Потом позвонил подруге и начальнице Наташе Молчанской. С присущей ей прямотой Наташа заявила:

— Умереть ты, скорее всего, не умрешь, но идиотом остаться можешь.

Вот спасибо. Я начал наряжаться, в этом я толк знаю. Красное с серым, черное с любым. Пришла Лена, она отвозила детей к теще. Я сказал, что результаты будут в понедельник, в поликлинике, и попросил ее не лениться — расфуфыриться, вернисаж как-никак.

— Только не занудствуй, — сказала она, — а то я пойду в галошах на босу ногу.

От шмоток этих, купленных в Монреале на церковной распродаже или набранных за так в Иерусалиме на складе, у нас шкафы не закрываются, а жена ходит в чем попало. Мальчиковый стиль, порточки да ковбойка. Перед тем как познакомить нас у себя на дне рождения, Сопровский предупредил:

— Будет моя экспедиционная приятельница, ты с ней полегче: она чуть что не так — бьет по физиономии. А в Севастополе — сам видел — ее не пустили в туалет, сказали: «Мальчик, это женский».

И вошла глазастая пигалица, и я лишний раз подумал, что Сопровский ничего не понимает в женщинах. От пьяного восхищения я тогда заснул в уборной. Это было начало знакомства. Мальчик мой бедный! Ей бы только лепить из глины допотопных идолищ или рисовать на беленых разделочных досках первобытную невнятицу.

— Разные бывают джазы, — сокрушаюсь я, глядя на Ленино очередное изделие, — иной джаз и слушать не захочется.

Мне нравится ее реалистическая манера, перьевые рисунки: дачные заборы, телеграфные столбы, замоскворецкие подворотни. Но ей, угрюмой от застенчивости и гордыни, боюсь, ничего не продать ни в Измайлове, ни на Крымском валу.

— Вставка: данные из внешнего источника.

(* Let $0<a<D$. There exists $M>0$ such that for every bounded set $B\subset\mathbb{R}_+^3$ there exists $t_B>0$ with the following property: for every $\omega\in\Omega$ and every nonnegative global solution $(s(t),m_1(t),m_2(t))$, $t\ge0$, of the random chemostat system $$s'(t)=(D+\psi(\xi^*(\theta_t\omega)))(s_{\mathrm{in}}-\alpha s(t))-c\mu(s(t))(m_1(t)+m_2(t))+rd\,m_1(t),$$ $$m_1'(t)=m_1(t)\big(-d-\alpha(D+\psi(\xi^*(\theta_t\omega)))+g\mu(s(t))-r_1m_1(t)-r_2m_2(t)-\alpha_1\big)+\alpha_2m_2(t),$$ $$m_2'(t)=m_2(t)\big(-d+g\mu(s(t))-r_1m_1(t)-r_2m_2(t)-\alpha_2\big)+\alpha_1m_1(t)$$ with initial condition $(s(0),m_1(0),m_2(0))\in B$, one has $$g\,s(t)+c\,(m_1(t)+m_2(t))\le M\quad\text{for all } t\ge t_B.$$ In particular, the system has an absorbing set independent of $\omega$.
   Context: $\mathbb{R}_+^3=\{(x,y,z)\in\mathbb{R}^3: x,y,z\ge0\}$. Let $\Omega$ be the set of continuous functions $\omega:\mathbb{R}\to\mathbb{R}$ with $\omega(0)=0$, with Borel $\sigma$-algebra and Wiener measure, and $\theta_t\omega(\cdot)=\omega(\cdot+t)-\omega(t)$ the Wiener shift. The Ornstein–Uhlenbeck process is $\xi^*(\theta_t\omega)=-\int_{-\infty}^0 e^{s}\,\theta_t\omega(s)\,ds$. For a constant $a>0$, $\psi(\xi)=\frac{2a}{\pi}\arctan(\xi)$. Parameters: $D>0$, $s_{\mathrm{in}}>0$, $\alpha>0$, $c>0$, $g\in(0,c]$, $r\in(0,1)$, $d>0$, $\alpha_1,\alpha_2\ge0$, $r_1,r_2\ge0$. The consumption function $\mu:[0,+\infty)\to[0,+\infty)$ is continuous, $\mu(0)=0$, $\mu(x)>0$ for $x>0$, and $\mu(x)\le1$ for all $x\ge0$. *)

theory Defs
  imports "HOL-Analysis.Analysis"
begin

definition Wiener_Omega :: "(real \<Rightarrow> real) set" where
  "Wiener_Omega = {\<omega>. continuous_on UNIV \<omega> \<and> \<omega> 0 = 0}"

definition wiener_shift :: "real \<Rightarrow> (real \<Rightarrow> real) \<Rightarrow> (real \<Rightarrow> real)" where
  "wiener_shift t \<omega> = (\<lambda>s. \<omega> (s + t) - \<omega> t)"

definition OU :: "(real \<Rightarrow> real) \<Rightarrow> real" where
  "OU \<omega> = - integral {..0} (\<lambda>s. exp s * \<omega> s)"

definition psi :: "real \<Rightarrow> real \<Rightarrow> real" where
  "psi a \<xi> = 2 * a / pi * arctan \<xi>"

definition chemostat_solution ::
  "real \<Rightarrow> real \<Rightarrow> real \<Rightarrow> real \<Rightarrow> real \<Rightarrow> real \<Rightarrow> real \<Rightarrow> real \<Rightarrow> real \<Rightarrow> real \<Rightarrow> real \<Rightarrow> real
   \<Rightarrow> (real \<Rightarrow> real) \<Rightarrow> (real \<Rightarrow> real) \<Rightarrow> (real \<Rightarrow> real) \<Rightarrow> (real \<Rightarrow> real) \<Rightarrow> (real \<Rightarrow> real) \<Rightarrow> bool" where
  "chemostat_solution D s_in \<alpha> c g r d \<alpha>\<^sub>1 \<alpha>\<^sub>2 r\<^sub>1 r\<^sub>2 a \<mu> \<omega> s m\<^sub>1 m\<^sub>2 \<longleftrightarrow>
     (\<forall>t\<ge>0. s t \<ge> 0 \<and> m\<^sub>1 t \<ge> 0 \<and> m\<^sub>2 t \<ge> 0) \<and>
     (\<forall>t\<ge>0.
        (let Dt = D + psi a (OU (wiener_shift t \<omega>)) in
         (s has_real_derivative
            (Dt * (s_in - \<alpha> * s t) - c * \<mu> (s t) * (m\<^sub>1 t + m\<^sub>2 t) + r * d * m\<^sub>1 t)) (at t within {0..}) \<and>
         (m\<^sub>1 has_real_derivative
            (m\<^sub>1 t * (- d - \<alpha> * Dt + g * \<mu> (s t) - r\<^sub>1 * m\<^sub>1 t - r\<^sub>2 * m\<^sub>2 t - \<alpha>\<^sub>1) + \<alpha>\<^sub>2 * m\<^sub>2 t))
            (at t within {0..}) \<and>
         (m\<^sub>2 has_real_derivative
            (m\<^sub>2 t * (- d + g * \<mu> (s t) - r\<^sub>1 * m\<^sub>1 t - r\<^sub>2 * m\<^sub>2 t - \<alpha>\<^sub>2) + \<alpha>\<^sub>1 * m\<^sub>1 t))
            (at t within {0..})))"

end

theory Submission
  imports Defs
begin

— Как твоя голова? — спросила Лена, отвлекаясь от грима.

— А-а-а, как обычно.

Голова моя, голова. Лучше не думать.

— Надень шубу.

— Слякоть же.

— Ну пожалуйста.

Мы, как всегда, малость опаздывали, но не катастрофически. На «Тургеневской» чуть не поругались, куда выходить. Права оказалась Лена. Мы двинулись по левой стороне Мясницкой в сторону Садового кольца. Справа по курсу я не видел почти ничего, слева изображение двоилось.

Стемнело. Шел снег с дождем. Смех да и только: косой полуслепец прется на вернисаж. Снова мы заплутали, но вдруг прямо напротив через улицу увидели сияющую огромную голубоватую витрину и курящих снаружи на ее фоне Мишу Зайцева, Тимура, Леву, судя по их воплям и жестикуляции, уже поддатых. Значит, к шампанскому мы опоздали. Подобрав полы пальто и шубы, я на пятках, а Лена на цыпочках перебрались через запруженную мокрым хлюпающим снегом Мясницкую и вошли в галерею. Здесь мы с Леной потеряли друг друга из виду и бродили каждый сам по себе, улыбаясь, здороваясь и роняя приветливые фразы.